South Australia’s Yorke and Fleurieu Peninsulas host some unusually colored beaches. The pink color was already known to be pulverized garnet, but an attempt to find the source has revealed a very unlikely location buried in ice and thousands of kilometers away.
South Australia is known for pink things, including its famous lakes and the shorts of its former premier. Somewhat less well known are the pink sands on the peninsulas either side of the Gulf of St Vincent. On some beaches these pink grains are rare enough to be barely noticeable, but others are predominantly pink.
Identifying the sand as being from garnet smashed against other rocks is relatively easy, but finding the source is harder. The conditions to produce garnet have not occurred often in Earth’s history. Scientists decided if they could work out where the garnet came from, unraveling the path by which it reached these beaches could teach us a lot about the geologic history of the area.
South Australia had two known sources of garnet. One occurred 514-490 million years ago when the Adelaide Fold Belt was formed nearby. The other was much earlier when the Gawler Craton, which now makes up the middle of the state, was built between 3.3 and 1.4 billion years ago.
The University of Adelaide has pioneered a method for using lasers to perform lutetium-hafnium dating. Using this they were able to show that some garnet grains on the state’s beaches come from each of these events. However, the most abundant garnet grains have an age of 570-590 million years.
“The garnet is too young to have come from the Gawler Craton and too old to have come from the eroding Adelaide Fold Belt,” said University of Adelaide PhD student Sharmaine Verhaert in a statement. “Garnet requires high temperatures to form and is usually associated with the formation of large mountain belts, and this was a time when the South Australian crust was comparatively cool and non-mountainous.”
Verhaert and Dr Stijn Glorie needed to look further afield, but knew prolonged time in marine environments destroys garnet so it probably wouldn’t be too far.
They realised that the Cape Jervis Formation, which overlaps with the Fleurieu Peninsula, contains garnet mixed rock and other sands. When the rocks of the Formation erode, the garnet escapes and can end up on nearby beaches. Moreover, testing revealed this garnet as 590 million years old, close enough to what they were looking for.

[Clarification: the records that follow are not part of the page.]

lemma tendsto_y_tilde:
  assumes th: "(\<theta>f \<longlongrightarrow> \<theta>0) F" and t0: "0 < \<theta>0"
  shows "((\<lambda>x. y_tilde (\<theta>f x)) \<longlongrightarrow> y_tilde \<theta>0) F"
proof (cases "k = 0")
  case False
  then have k: "0 < k" using k_nonneg by simp
  have "((\<lambda>x. k / \<theta>f x) \<longlongrightarrow> k / \<theta>0) F" using t0 by (intro tendsto_divide tendsto_const th) auto
  then have "((\<lambda>x. (k / \<theta>f x) powr (1 / (2 - \<alpha>))) \<longlongrightarrow> (k / \<theta>0) powr (1 / (2 - \<alpha>))) F"
    by (rule tendsto_powr[OF _ tendsto_const]) (use k t0 in simp)
  moreover have "1 + (k / \<theta>0) powr (1 / (2 - \<alpha>)) \<noteq> 0"
    by (metis add_pos_nonneg powr_ge_zero zero_less_one less_irrefl)
  ultimately show ?thesis unfolding y_tilde_def c_tilde_def
    by (intro tendsto_mult tendsto_divide tendsto_add tendsto_const)
next
  case True
  then have "y_tilde t = \<gamma>" for t unfolding y_tilde_def c_tilde_def by simp
  then show ?thesis by simp
qed

lemma tendsto_n_tilde:
  assumes th: "(\<theta>f \<longlongrightarrow> \<theta>0) F" and t0: "0 < \<theta>0"
  shows "((\<lambda>x. n_tilde (\<theta>f x)) \<longlongrightarrow> n_tilde \<theta>0) F"
proof (cases "k = 0")
  case True
  then show ?thesis unfolding n_tilde_def dU_loss_def y_tilde_def c_tilde_def
    by (auto intro!: tendsto_intros th)
next
  case False
  then have b: "0 < y_tilde \<theta>0" "y_tilde \<theta>0 < \<gamma>" using y_tilde_bounds[OF t0] k_nonneg by auto
  show ?thesis unfolding n_tilde_def dU_loss_def
    using b by (intro tendsto_intros tendsto_y_tilde[OF th t0] th) auto
qed

text \<open>When q0 = n_tilde \<theta>0 the root sits at the end y_tilde of the decreasing branch of dU_loss;
  then the bound comes from I_loss \<le> y_tilde and the continuity of y_tilde in \<theta>.\<close>

lemma eventually_I_loss_lt:
  assumes th: "(\<theta>f \<longlongrightarrow> \<theta>0) F" and qq: "(qf \<longlongrightarrow> q0) F" and t0: "0 < \<theta>0"
    and q0: "n_tilde \<theta>0 \<le> q0" and ev: "\<forall>\<^sub>F x in F. 0 < \<theta>f x \<and> n_tilde (\<theta>f x) \<le> qf x"
    and b: "I_loss \<theta>0 q0 < b"
  shows "\<forall>\<^sub>F x in F. I_loss (\<theta>f x) (qf x) < b"
proof -
  define y0 where "y0 = I_loss \<theta>0 q0"
  have y0: "0 < y0" "y0 \<le> y_tilde \<theta>0" "dU_loss \<theta>0 y0 = q0"
    using I_loss_bounds[OF t0 q0] dU_loss_I_loss[OF t0 q0] unfolding y0_def by auto
  show ?thesis
  proof (cases "y0 < y_tilde \<theta>0")
    case True
    show ?thesis
    proof (rule eventually_root_lt[OF True b[folded y0_def] qq tendsto_dU_loss_theta[OF th]])
      fix c assume c: "y0 < c" "c < y_tilde \<theta>0"
      show "dU_loss \<theta>0 c < q0" using dU_loss_less[OF t0 y0(1) c(1)] c y0 by simp
      show "\<forall>\<^sub>F x in F. dU_loss (\<theta>f x) c < qf x \<longrightarrow> I_loss (\<theta>f x) (qf x) < c"
        using ev
      proof eventually_elim
        case (elim x)
        then show ?case
          using I_loss_bounds dU_loss_I_loss dU_loss_le[of "\<theta>f x" c "I_loss (\<theta>f x) (qf x)"] c y0
          by (force simp: not_less[symmetric])
      qed
    qed
  next
    case False
    then have "y0 = y_tilde \<theta>0" using y0 by simp
    then have "\<forall>\<^sub>F x in F. y_tilde (\<theta>f x) < b"
      using order_tendstoD(2)[OF tendsto_y_tilde[OF th t0], of b] b unfolding y0_def by simp
    with ev show ?thesis by eventually_elim (use I_loss_bounds in fastforce)
  qed
qed

lemma tendsto_I_loss:
  assumes th: "(\<theta>f \<longlongrightarrow> \<theta>0) F" and qq: "(qf \<longlongrightarrow> q0) F" and t0: "0 < \<theta>0"
    and q0: "n_tilde \<theta>0 \<le> q0" and ev: "\<forall>\<^sub>F x in F. 0 < \<theta>f x \<and> n_tilde (\<theta>f x) \<le> qf x"
  shows "((\<lambda>x. I_loss (\<theta>f x) (qf x)) \<longlongrightarrow> I_loss \<theta>0 q0) F"
proof (rule order_tendstoI)
  define y0 where "y0 = I_loss \<theta>0 q0"
  have y0: "0 < y0" "y0 \<le> y_tilde \<theta>0" "dU_loss \<theta>0 y0 = q0"
    using I_loss_bounds[OF t0 q0] dU_loss_I_loss[OF t0 q0] unfolding y0_def by auto
  show "\<forall>\<^sub>F x in F. a < I_loss (\<theta>f x) (qf x)" if "a < I_loss \<theta>0 q0" for a
  proof (rule eventually_root_gt[OF y0(1) that[folded y0_def] qq tendsto_dU_loss_theta[OF th]])
    fix c assume c: "0 < c" "c < y0"
    show "q0 < dU_loss \<theta>0 c" using dU_loss_less[OF t0 c] y0 by simp
    have "c < y_tilde \<theta>0" using c y0 by simp
    from ev order_tendstoD(1)[OF tendsto_y_tilde[OF th t0] this]
    show "\<forall>\<^sub>F x in F. qf x < dU_loss (\<theta>f x) c \<longrightarrow> c < I_loss (\<theta>f x) (qf x)"
    proof eventually_elim
      case (elim x)
      then show ?case
        using I_loss_bounds dU_loss_I_loss dU_loss_le[of "\<theta>f x" "I_loss (\<theta>f x) (qf x)" c] c
        by (force simp: not_less[symmetric])
    qed
  qed
qed (rule eventually_I_loss_lt[OF assms])

section \<open>The concavification threshold\<close>

definition conj_loss :: "real \<Rightarrow> real \<Rightarrow> real" where
  "conj_loss \<theta> q = U_loss \<theta> (I_loss \<theta> q) - q * I_loss \<theta> q"

definition conj_gap :: "real \<Rightarrow> real \<Rightarrow> real" where
  "conj_gap \<theta> q = conj_gain \<theta> q - conj_loss \<theta> q"

lemma conj_gain_gt_gamma:
  assumes q: "0 < q"
  shows "U_gain \<theta> \<gamma> - q * \<gamma> < conj_gain \<theta> q"
proof -
  define y where "y = I_gain \<theta> q"
  have y: "\<gamma> < y" "dU_gain \<theta> y = q" using I_gain_gt dU_gain_I_gain q unfolding y_def by auto
  have "q * (y - \<gamma>) < U_gain \<theta> y - U_gain \<theta> \<gamma>"
  proof (rule diff_gt_of_deriv_gt[OF y(1)])
    show "continuous_on {\<gamma>..y} (U_gain \<theta>)" by (rule continuous_on_subset[OF U_gain_cont]) auto
    fix x assume x: "\<gamma> < x" "x < y"
    show "(U_gain \<theta> has_real_derivative dU_gain \<theta> x) (at x)" by (rule U_gain_deriv) (use x in auto)
    show "q < dU_gain \<theta> x" using dU_gain_less[OF x, of \<theta>] y q by simp
  qed
  then show ?thesis unfolding conj_gain_def y_def[symmetric] by (simp add: algebra_simps)
qed

lemma conj_loss_step:
  assumes th: "0 < \<theta>" and q: "n_tilde \<theta> \<le> q1" "q1 < q2"
  shows "conj_loss \<theta> q1 - (q2 - q1) * I_loss \<theta> q1 \<le> conj_loss \<theta> q2"
proof -
  have q2: "n_tilde \<theta> \<le> q2" using q by simp
  define x1 where "x1 = I_loss \<theta> q1"
  define x2 where "x2 = I_loss \<theta> q2"
  have x1: "0 < x1" "x1 \<le> y_tilde \<theta>"
    using I_loss_bounds[OF th q(1)] unfolding x1_def by auto
  have x2: "0 < x2" "dU_loss \<theta> x2 = q2"
    using I_loss_bounds[OF th q2] dU_loss_I_loss[OF th q2] unfolding x2_def by auto
  have lt: "x2 < x1" using I_loss_less[OF th q] unfolding x1_def x2_def .
  have ytg: "y_tilde \<theta> \<le> \<gamma>" using y_tilde_bounds[OF th] by simp
  have "U_loss \<theta> x1 - U_loss \<theta> x2 \<le> q2 * (x1 - x2)"
  proof (rule diff_le_of_deriv_le)
    show "x2 \<le> x1" using lt by simp
    show "continuous_on {x2..x1} (U_loss \<theta>)"
      by (rule continuous_on_subset[OF U_loss_cont]) (use x1 x2 ytg in auto)
    fix x assume x: "x2 < x" "x < x1"
    show "(U_loss \<theta> has_real_derivative dU_loss \<theta> x) (at x)"
      by (rule U_loss_deriv) (use x x1 x2 ytg in auto)
    show "dU_loss \<theta> x \<le> q2" using dU_loss_less[OF th x2(1) x(1)] x x1 x2 by auto
  qed
  then show ?thesis unfolding conj_loss_def x1_def[symmetric] x2_def[symmetric] by (simp add: algebra_simps)
qed

lemma conj_gap_less:
  assumes th: "0 < \<theta>" and q: "n_tilde \<theta> \<le> q1" "q1 < q2"
  shows "conj_gap \<theta> q2 < conj_gap \<theta> q1"
proof -
  have q10: "0 < q1" using n_tilde_pos[OF th] q by simp
  have "I_loss \<theta> q1 \<le> y_tilde \<theta>" "y_tilde \<theta> \<le> \<gamma>" "\<gamma> < I_gain \<theta> q2"
    using I_loss_bounds[OF th q(1)] y_tilde_bounds[OF th] I_gain_gt[of q2 \<theta>] q10 q by auto
  then have "I_loss \<theta> q1 < I_gain \<theta> q2" by linarith
  then have "(q2 - q1) * I_loss \<theta> q1 < (q2 - q1) * I_gain \<theta> q2"
    using q by (intro mult_strict_left_mono) auto
  then show ?thesis using conj_loss_step[OF th q] conj_gain_step[OF q10 q(2), of \<theta>] unfolding conj_gap_def by linarith
qed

This, however, only pushes the question one step further up the chain. If South Australia was too inactive at the time to produce its own garnet, how did it get into the Cape Jervis Formation, from which it has since eroded?
The answer, Verhaert, Glorie and co-authors conclude, is that it came from Antarctica when it was joined to Australia as part of Gondwana. For obvious reasons we don’t know a lot about Antarctica’s rocks, but garnet of the right age has been found in an outcrop of the Transantarctic Mountains that divide East and West Antarctica. It’s likely there is a lot more buried under the ice where we can’t reach it.

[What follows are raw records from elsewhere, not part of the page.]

(* Let $X$ be the toric scheme associated to a fan $\Delta$ over an irreducible idempotent semiring $R$. Then $X$ is irreducible.
   Context: Semirings are commutative with $1\neq0$; idempotent means $a+a=a$; irreducible means that whenever $xy$ is nilpotent, $x$ or $y$ is nilpotent. For a fan $\Delta$ in $N_{\mathbb{R}}$ with dual lattice $\Lambda$, the toric scheme over $R$ is obtained by gluing the affine schemes $U_\sigma=\operatorname{Spec}R[\Lambda\cap\sigma^\vee]$ ($\sigma\in\Delta$) along $U_{\sigma\cap\tau}$ (the base change to $R$ of the toric monoid scheme of $\Delta$). *)

theory Defs
  imports Complex_Main
begin

definition idempotent_semiring :: "'a::comm_semiring_1 itself \<Rightarrow> bool" where
  "idempotent_semiring R \<longleftrightarrow> (\<forall>a::'a. a + a = a)"

definition nilpotent_elem :: "'a::comm_semiring_1 \<Rightarrow> bool" where
  "nilpotent_elem x \<longleftrightarrow> (\<exists>k::nat. x ^ k = 0)"

definition irreducible_semiring :: "'a::comm_semiring_1 itself \<Rightarrow> bool" where
  "irreducible_semiring R \<longleftrightarrow>
     (\<forall>x y::'a. nilpotent_elem (x * y) \<longrightarrow> nilpotent_elem x \<or> nilpotent_elem y)"

section \<open>Cones and fans in N_R = R^n, N = Z^n, dual lattice M = Z^n\<close>

definition pair :: "('n::finite \<Rightarrow> real) \<Rightarrow> ('n \<Rightarrow> real) \<Rightarrow> real" where
  "pair u v = (\<Sum>i\<in>UNIV. u i * v i)"

definition lat :: "('n \<Rightarrow> int) \<Rightarrow> ('n \<Rightarrow> real)" where
  "lat m = (\<lambda>i. real_of_int (m i))"

definition cone_gen :: "('n::finite \<Rightarrow> int) set \<Rightarrow> ('n \<Rightarrow> real) set" where
  "cone_gen G = {v. \<exists>c. (\<forall>g\<in>G. c g \<ge> 0) \<and> v = (\<lambda>i. \<Sum>g\<in>G. c g * real_of_int (g i))}"

definition rat_poly_cone :: "('n::finite \<Rightarrow> real) set \<Rightarrow> bool" where
  "rat_poly_cone \<sigma> \<longleftrightarrow> (\<exists>G. finite G \<and> \<sigma> = cone_gen G)"

definition strongly_convex :: "('n \<Rightarrow> real) set \<Rightarrow> bool" where
  "strongly_convex \<sigma> \<longleftrightarrow> (\<forall>v. v \<in> \<sigma> \<and> (\<lambda>i. - v i) \<in> \<sigma> \<longrightarrow> v = (\<lambda>_. 0))"

definition dual_cone :: "('n::finite \<Rightarrow> real) set \<Rightarrow> ('n \<Rightarrow> real) set" where
  "dual_cone \<sigma> = {u. \<forall>v\<in>\<sigma>. pair u v \<ge> 0}"

definition face_of_cone :: "('n::finite \<Rightarrow> real) set \<Rightarrow> ('n \<Rightarrow> real) set \<Rightarrow> bool" where
  "face_of_cone \<tau> \<sigma> \<longleftrightarrow> (\<exists>u\<in>dual_cone \<sigma>. \<tau> = \<sigma> \<inter> {v. pair u v = 0})"

definition fan :: "('n::finite \<Rightarrow> real) set set \<Rightarrow> bool" where
  "fan \<Delta> \<longleftrightarrow> finite \<Delta> \<and> \<Delta> \<noteq> {} \<and>
     (\<forall>\<sigma>\<in>\<Delta>. rat_poly_cone \<sigma> \<and> strongly_convex \<sigma> \<and> (\<forall>\<tau>. face_of_cone \<tau> \<sigma> \<longrightarrow> \<tau> \<in> \<Delta>)) \<and>
     (\<forall>\<sigma>\<in>\<Delta>. \<forall>\<tau>\<in>\<Delta>. face_of_cone (\<sigma> \<inter> \<tau>) \<sigma> \<and> face_of_cone (\<sigma> \<inter> \<tau>) \<tau>)"

definition dual_monoid :: "('n::finite \<Rightarrow> real) set \<Rightarrow> ('n \<Rightarrow> int) set" where
  "dual_monoid \<sigma> = {m. lat m \<in> dual_cone \<sigma>}"

section \<open>Monoid semirings R[S] as finitely supported functions M \<Rightarrow> R\<close>

definition supp :: "('m \<Rightarrow> 'a::zero) \<Rightarrow> 'm set" where
  "supp f = {m. f m \<noteq> 0}"

definition monoid_semiring :: "('n \<Rightarrow> int) set \<Rightarrow> (('n \<Rightarrow> int) \<Rightarrow> 'a::zero) set" where
  "monoid_semiring S = {f. finite (supp f) \<and> supp f \<subseteq> S}"

definition padd :: "(('n \<Rightarrow> int) \<Rightarrow> 'a::comm_semiring_1) \<Rightarrow> (('n \<Rightarrow> int) \<Rightarrow> 'a) \<Rightarrow> (('n \<Rightarrow> int) \<Rightarrow> 'a)" where
  "padd f g = (\<lambda>m. f m + g m)"

definition pmult :: "(('n \<Rightarrow> int) \<Rightarrow> 'a::comm_semiring_1) \<Rightarrow> (('n \<Rightarrow> int) \<Rightarrow> 'a) \<Rightarrow> (('n \<Rightarrow> int) \<Rightarrow> 'a)" where
  "pmult f g = (\<lambda>m. \<Sum>p\<in>{p. f (fst p) \<noteq> 0 \<and> g (snd p) \<noteq> 0 \<and> (\<lambda>i. fst p i + snd p i) = m}.
                      f (fst p) * g (snd p))"

definition coord :: "('n::finite \<Rightarrow> real) set \<Rightarrow> (('n \<Rightarrow> int) \<Rightarrow> 'a::comm_semiring_1) set" where
  "coord \<sigma> = monoid_semiring (dual_monoid \<sigma>)"

definition semiring_ideal :: "(('n \<Rightarrow> int) \<Rightarrow> 'a::comm_semiring_1) set \<Rightarrow> (('n \<Rightarrow> int) \<Rightarrow> 'a) set \<Rightarrow> bool" where
  "semiring_ideal A I \<longleftrightarrow> I \<subseteq> A \<and> (\<lambda>_. 0) \<in> I \<and> (\<forall>x\<in>I. \<forall>y\<in>I. padd x y \<in> I) \<and>
     (\<forall>a\<in>A. \<forall>x\<in>I. pmult a x \<in> I)"

definition prime_ideal :: "(('n \<Rightarrow> int) \<Rightarrow> 'a::comm_semiring_1) set \<Rightarrow> (('n \<Rightarrow> int) \<Rightarrow> 'a) set \<Rightarrow> bool" where
  "prime_ideal A P \<longleftrightarrow> semiring_ideal A P \<and> P \<noteq> A \<and>
     (\<forall>a\<in>A. \<forall>b\<in>A. pmult a b \<in> P \<longrightarrow> a \<in> P \<or> b \<in> P)"

definition spec :: "(('n \<Rightarrow> int) \<Rightarrow> 'a::comm_semiring_1) set \<Rightarrow> (('n \<Rightarrow> int) \<Rightarrow> 'a) set set" where
  "spec A = {P. prime_ideal A P}"

definition zariski_open :: "(('n \<Rightarrow> int) \<Rightarrow> 'a::comm_semiring_1) set \<Rightarrow> (('n \<Rightarrow> int) \<Rightarrow> 'a) set set \<Rightarrow> bool" where
  "zariski_open A U \<longleftrightarrow> (\<exists>E\<subseteq>A. U = {P\<in>spec A. \<not> E \<subseteq> P})"

section \<open>The toric scheme: gluing the charts U_sigma along U_(sigma \<inter> tau)\<close>

text \<open>(sigma,P) ~ (tau,Q) iff both are images of one point of U_(sigma \<inter> tau) under the
  open immersions U_(sigma \<inter> tau) \<rightarrow> U_sigma, U_tau (induced by R[S_sigma] \<subseteq> R[S_(sigma \<inter> tau)]).\<close>
definition glue_rel :: "'a::comm_semiring_1 itself \<Rightarrow> ('n::finite \<Rightarrow> real) set set \<Rightarrow>
    ((('n \<Rightarrow> real) set \<times> (('n \<Rightarrow> int) \<Rightarrow> 'a) set) \<times> (('n \<Rightarrow> real) set \<times> (('n \<Rightarrow> int) \<Rightarrow> 'a) set)) set" where
  "glue_rel R \<Delta> = {((\<sigma>, P), (\<tau>, Q)). \<sigma> \<in> \<Delta> \<and> \<tau> \<in> \<Delta> \<and>
      P \<in> spec (coord \<sigma> :: (('n \<Rightarrow> int) \<Rightarrow> 'a) set) \<and> Q \<in> spec (coord \<tau> :: (('n \<Rightarrow> int) \<Rightarrow> 'a) set) \<and>
      (\<exists>P'\<in>spec (coord (\<sigma> \<inter> \<tau>) :: (('n \<Rightarrow> int) \<Rightarrow> 'a) set).
          P = P' \<inter> coord \<sigma> \<and> Q = P' \<inter> coord \<tau>)}"

definition toric_points :: "'a::comm_semiring_1 itself \<Rightarrow> ('n::finite \<Rightarrow> real) set set \<Rightarrow>
    (('n \<Rightarrow> real) set \<times> (('n \<Rightarrow> int) \<Rightarrow> 'a) set) set set" where
  "toric_points R \<Delta> =
     (SIGMA \<sigma>:\<Delta>. spec (coord \<sigma> :: (('n \<Rightarrow> int) \<Rightarrow> 'a) set)) // glue_rel R \<Delta>"

definition toric_open :: "'a::comm_semiring_1 itself \<Rightarrow> ('n::finite \<Rightarrow> real) set set \<Rightarrow>
    (('n \<Rightarrow> real) set \<times> (('n \<Rightarrow> int) \<Rightarrow> 'a) set) set set \<Rightarrow> bool" where
  "toric_open R \<Delta> U \<longleftrightarrow> U \<subseteq> toric_points R \<Delta> \<and>
     (\<forall>\<sigma>\<in>\<Delta>. zariski_open (coord \<sigma> :: (('n \<Rightarrow> int) \<Rightarrow> 'a) set)
        {P \<in> spec (coord \<sigma>). glue_rel R \<Delta> `` {(\<sigma>, P)} \<in> U})"

definition irreducible_space :: "'x set \<Rightarrow> ('x set \<Rightarrow> bool) \<Rightarrow> bool" where
  "irreducible_space X opn \<longleftrightarrow> X \<noteq> {} \<and>
     (\<forall>U V. opn U \<and> opn V \<and> (X - U) \<union> (X - V) = X \<longrightarrow> X - U = X \<or> X - V = X)"

definition toric_scheme_irreducible :: "'a::comm_semiring_1 itself \<Rightarrow> ('n::finite \<Rightarrow> real) set set \<Rightarrow> bool" where
  "toric_scheme_irreducible R \<Delta> \<longleftrightarrow> irreducible_space (toric_points R \<Delta>) (toric_open R \<Delta>)"

end

theory Submission
  imports Defs "HOL-Analysis.Analysis"
begin

text \<open>On each chart \<open>U\<^sub>\<sigma>\<close> consider the ideal of \<open>R[S\<^sub>\<sigma>]\<close> of polynomials all of whose
  coefficients are nilpotent. As \<open>R\<close> is idempotent, a polynomial lies in it iff its augmentation
  (the sum of its coefficients) is nilpotent; the augmentation is multiplicative and \<open>R\<close> is
  irreducible, so this ideal is prime. It lies in every prime, since every monomial with nilpotent
  coefficient does. These generic points of the charts are glued to one another: the ideals
  restrict correctly along \<open>R[S\<^sub>\<sigma>] \<subseteq> R[S\<^sub>\<sigma>\<^sub>\<inter>\<^sub>\<tau>]\<close>, and conversely a prime of
  \<open>R[S\<^sub>\<sigma>\<^sub>\<inter>\<^sub>\<tau>]\<close> restricting to the generic point of \<open>U\<^sub>\<tau>\<close> is itself generic, because
  multiplying by a monomial from the interior of \<open>\<tau>\<^sup>\<or>\<close> (nonempty by strong convexity) moves any
  polynomial into \<open>R[S\<^sub>\<tau>]\<close>. They thus form a single point of \<open>X\<close>, and as Zariski open sets are
  closed under generalization, it lies in every nonempty open set of \<open>X\<close>.\<close>

type_synonym ('n, 'a) lpoly = "('n \<Rightarrow> int) \<Rightarrow> 'a"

“It is conceivable that millions of years of ice transport eroded the bedrock underneath and transported this cargo of garnet north-westwards, towards the conjugate Antarctic-Australian margin,” said Glorie.
The authors think the garnet was formed during a period of crustal thickening in east Antarctica that represented the first stage of a major mountain-building event.
The garnet was arriving in South Australia around the same time its hills were recording the impressions of some of the earliest complex life forms, whose epoch is named after a location there.
From there, the garnet deposits would have been stored in glacial sediments for hundreds of millions of years until erosion allowed them to escape, to be washed up on nearby beaches.
“We have effectively uncovered a major mountain building event that redefines the timing of the onset of convergence in the Pacific Ocean,” Glorie said.
The study is published open access in Communications Earth and Environment.